Effects of the Invention
[0020] According to the present invention, it avoids occurrence of
the weld line on the outer surface of the thin bottom surface
portion of the housing and thus prevents damage of the housing when
shock is applied to the ultrasonic probe.
BRIEF DESCRIPTION OF DRAWINGS
[0021] FIG. 1 is a perspective view showing a housing of an
ultrasonic probe molded by an injection molding method for an
ultrasonic probe of the present invention, seen from inside of a
bottom surface of the housing.
[0022] FIG. 2 is a perspective view showing the housing shown in
FIG. 1, taken along a central line in a longitudinal direction,
seen from a body contacting surface thereof.
[0023] FIG. 3 is a partially enlarged view of a part of the
housing, pointed by an arrow A shown in FIG. 1.
[0024] FIG. 4 is a front view of a convention ultrasonic probe.

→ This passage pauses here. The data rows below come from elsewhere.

(* Let $f:\mathbb{R}^{3}\to\mathbb{R}$ be normal, and for $k_{1},k_{2},k_{3}\neq0$ let $A(k_{1},y,z)=\lim_{r\to\infty}\int_{-r}^{r}f(x,y,z)e^{-ik_{1}x}dx$, $B(x,k_{2},z)=\lim_{r\to\infty}\int_{-r}^{r}f(x,y,z)e^{-ik_{2}y}dy$, $C(x,y,k_{3})=\lim_{r\to\infty}\int_{-r}^{r}f(x,y,z)e^{-ik_{3}z}dz$, $F(k_{1},k_{2},z)=\lim_{r,s\to\infty}\int_{-r}^{r}\int_{-s}^{s}f(x,y,z)e^{-ik_{1}x}e^{-ik_{2}y}dxdy$, $G(k_{1},y,k_{3})=\lim_{r,s\to\infty}\int_{-r}^{r}\int_{-s}^{s}f(x,y,z)e^{-ik_{1}x}e^{-ik_{3}z}dxdz$, $H(x,k_{2},k_{3})=\lim_{r,s\to\infty}\int_{-r}^{r}\int_{-s}^{s}f(x,y,z)e^{-ik_{2}y}e^{-ik_{3}z}dydz$. Then for $k_{1},k_{2},k_{3}\neq0$ the integrals $A(k_{1},k_{2},k_{3})=\int\!\!\int A(k_{1},y,z)e^{-ik_{2}y}e^{-ik_{3}z}dydz$, $B(k_{1},k_{2},k_{3})=\int\!\!\int B(x,k_{2},z)e^{-ik_{1}x}e^{-ik_{3}z}dxdz$, $C(k_{1},k_{2},k_{3})=\int\!\!\int C(x,y,k_{3})e^{-ik_{1}x}e^{-ik_{2}y}dxdy$, $F(k_{1},k_{2},k_{3})=\int F(k_{1},k_{2},z)e^{-ik_{3}z}dz$, $G(k_{1},k_{2},k_{3})=\int G(k_{1},y,k_{3})e^{-ik_{2}y}dy$, $H(k_{1},k_{2},k_{3})=\int H(x,k_{2},k_{3})e^{-ik_{1}x}dx$ (all over the whole real line / plane) are well defined, and $A=B=C=F=G=H$ at $(k_{1},k_{2},k_{3})$, with common value $\lim_{r,s,t\to\infty}\int_{-r}^{r}\int_{-s}^{s}\int_{-t}^{t}f(x,y,z)e^{-ik_{1}x}e^{-ik_{2}y}e^{-ik_{3}z}\,dx\,dy\,dz$.
   Context: One-variable: a smooth $g:\mathbb{R}\setminus V\to\mathbb{R}$, $V$ bounded closed, is analytic at infinity if there exist $\epsilon_{1},\epsilon_{2}>0$ with $g(1/t)=\sum_{n\geq1}a_{n}t^{n}$ on $(0,\epsilon_{1})$ and $g(1/t)=\sum_{n\geq1}b_{n}t^{n}$ on $(-\epsilon_{2},0)$, real coefficients, both series absolutely convergent there. Two variables: for smooth $h:\mathbb{R}^{2}\setminus W\to\mathbb{R}$, $W$ closed bounded: very moderate decrease means $|h(u,v)|\leq C/|(u,v)|$ for $|(u,v)|>1$; moderate decrease means $|h|\leq C/|(u,v)|^{2}$ for $|(u,v)|>1$. With fibres $h_{u}(v)=h(u,v)$, $h_{v}(u)=h(u,v)$, $h$ is normal if (i) every $h_{u}$ is analytic at infinity; (ii) every $h_{v}$ is analytic at infinity; (iii) $h$ is of very moderate decrease; (iv) $\partial h/\partial u$, $\partial h/\partial v$ are of moderate decrease; (v) there is a uniform bound on the number of zeros of $h_{u},(h_{u})',(h_{u})'',h_{v},(h_{v})',(h_{v})''$. Three variables: smooth $f:\mathbb{R}^{3}\to\mathbb{R}$ is of very moderate decrease if $|f(x,y,z)|\leq C/|(x,y,z)|$ for $|(x,y,z)|>1$, of moderate decrease $n$ ($n\geq2$) if $|f|\leq C/|(x,y,z)|^{n}$ there. Fibres: $f_{x}(y,z)=f(x,y,z)$ etc., and $f_{x,y}(z)=f(x,y,z)$, $f_{x,z}(y)$, $f_{y,z}(x)$ similarly. $f$ is normal if: (i) for every $x$, $f_{x}(y,z)$ is normal; (ii) for every $y$, $f_{y}(x,z)$ is normal; (iii) for every $z$, $f_{z}(x,y)$ is normal; (iv) $f$ is of very moderate decrease; (v) for $i+j+k\geq1$, $\frac{\partial^{i+j+k}f}{\partial x^{i}\partial y^{j}\partial z^{k}}$ is of moderate decrease $i+j+k+1$; (vi) there is a uniform bound on the number of zeros of $f_{x,y}$ and its first four derivatives, and similarly for $f_{x,z}$, $f_{y,z}$. *)

theory Defs
  imports "HOL-Analysis.Analysis"
begin

text \<open>The Euclidean norm of (u,v) resp. (x,y,z) is norm (u,v) resp. norm (x,y,z)
  on the product types (the product norm is Euclidean).\<close>

definition smooth1_on :: "real set \<Rightarrow> (real \<Rightarrow> real) \<Rightarrow> bool" where
  "smooth1_on U g \<longleftrightarrow> (\<forall>n x. x \<in> U \<longrightarrow> ((deriv ^^ n) g) field_differentiable (at x))"

datatype dir2 = DU | DV

fun pd2 :: "dir2 \<Rightarrow> (real \<Rightarrow> real \<Rightarrow> real) \<Rightarrow> (real \<Rightarrow> real \<Rightarrow> real)" where
  "pd2 DU h = (\<lambda>u v. deriv (\<lambda>t. h t v) u)"
| "pd2 DV h = (\<lambda>u v. deriv (\<lambda>t. h u t) v)"

definition smooth2_on :: "(real \<times> real) set \<Rightarrow> (real \<Rightarrow> real \<Rightarrow> real) \<Rightarrow> bool" where
  "smooth2_on U h \<longleftrightarrow> open U \<and> (\<forall>ds. let g = foldr pd2 ds h in
      continuous_on U (\<lambda>p. g (fst p) (snd p)) \<and>
      (\<forall>u v. (u, v) \<in> U \<longrightarrow> (\<lambda>t. g t v) field_differentiable (at u)
                          \<and> (\<lambda>t. g u t) field_differentiable (at v)))"

datatype dir3 = DX | DY | DZ

fun pd3 :: "dir3 \<Rightarrow> (real \<Rightarrow> real \<Rightarrow> real \<Rightarrow> real) \<Rightarrow> (real \<Rightarrow> real \<Rightarrow> real \<Rightarrow> real)" where
  "pd3 DX f = (\<lambda>x y z. deriv (\<lambda>t. f t y z) x)"
| "pd3 DY f = (\<lambda>x y z. deriv (\<lambda>t. f x t z) y)"
| "pd3 DZ f = (\<lambda>x y z. deriv (\<lambda>t. f x y t) z)"

definition smooth3 :: "(real \<Rightarrow> real \<Rightarrow> real \<Rightarrow> real) \<Rightarrow> bool" where
  "smooth3 f \<longleftrightarrow> (\<forall>ds. let g = foldr pd3 ds f in
      continuous_on UNIV (\<lambda>p. g (fst p) (fst (snd p)) (snd (snd p))) \<and>
      (\<forall>x y z. (\<lambda>t. g t y z) field_differentiable (at x)
             \<and> (\<lambda>t. g x t z) field_differentiable (at y)
             \<and> (\<lambda>t. g x y t) field_differentiable (at z)))"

[0025] FIG. 5 is a vertical cross sectional view of the
conventional ultrasonic probe, pointed by an arrow B shown in FIG.
4.
[0026] FIG. 6 is a perspective view showing a housing of the
conventional ultrasonic probe shown in FIG. 4, taken along a
central line in a longitudinal direction, seen from a body
contacting surface thereof.
[0027] FIG. 7 is a schematic view showing a condition of injection
molding that weld line occurs on a part where molten resins meet in
the cavity of the mold.
EMBODIMENTS OF THE INVENTION
[0028] Embodiments of an ultrasonic probe and an injection molding
method for the same will be described with accompanying drawings in
the following.
[0029] An ultrasonic probe to which a housing molded by the
injection molding method of the present invention is applied, as
well as the conventional ultrasonic probe shown in FIGS. 4-6,
comprises: a housing 2, being injection molded by polyolefin
thermoplastic material and having an opening 26 formed in one
direction; a grip case 3, engaging with the housing 2; and a power
supply cable 6 for supplying power to a drive device for
oscillating a probe body 4. And, the probe body 4 constituting an
ultrasonic transmission and reception unit including a
piezoelectric element group and others is disposed at a base 5
provided inside the housing 2, and an acoustic propagation medium
L, e.g., oil is also contained and sealed in the housing 2, and a
body contacting surface of the housing 2 is brought into contact
with a body surface of a patient and the probe body 4 is oscillated
in a short-axial direction of the piezoelectric element group, so
as to take in three dimensional data of a detected object.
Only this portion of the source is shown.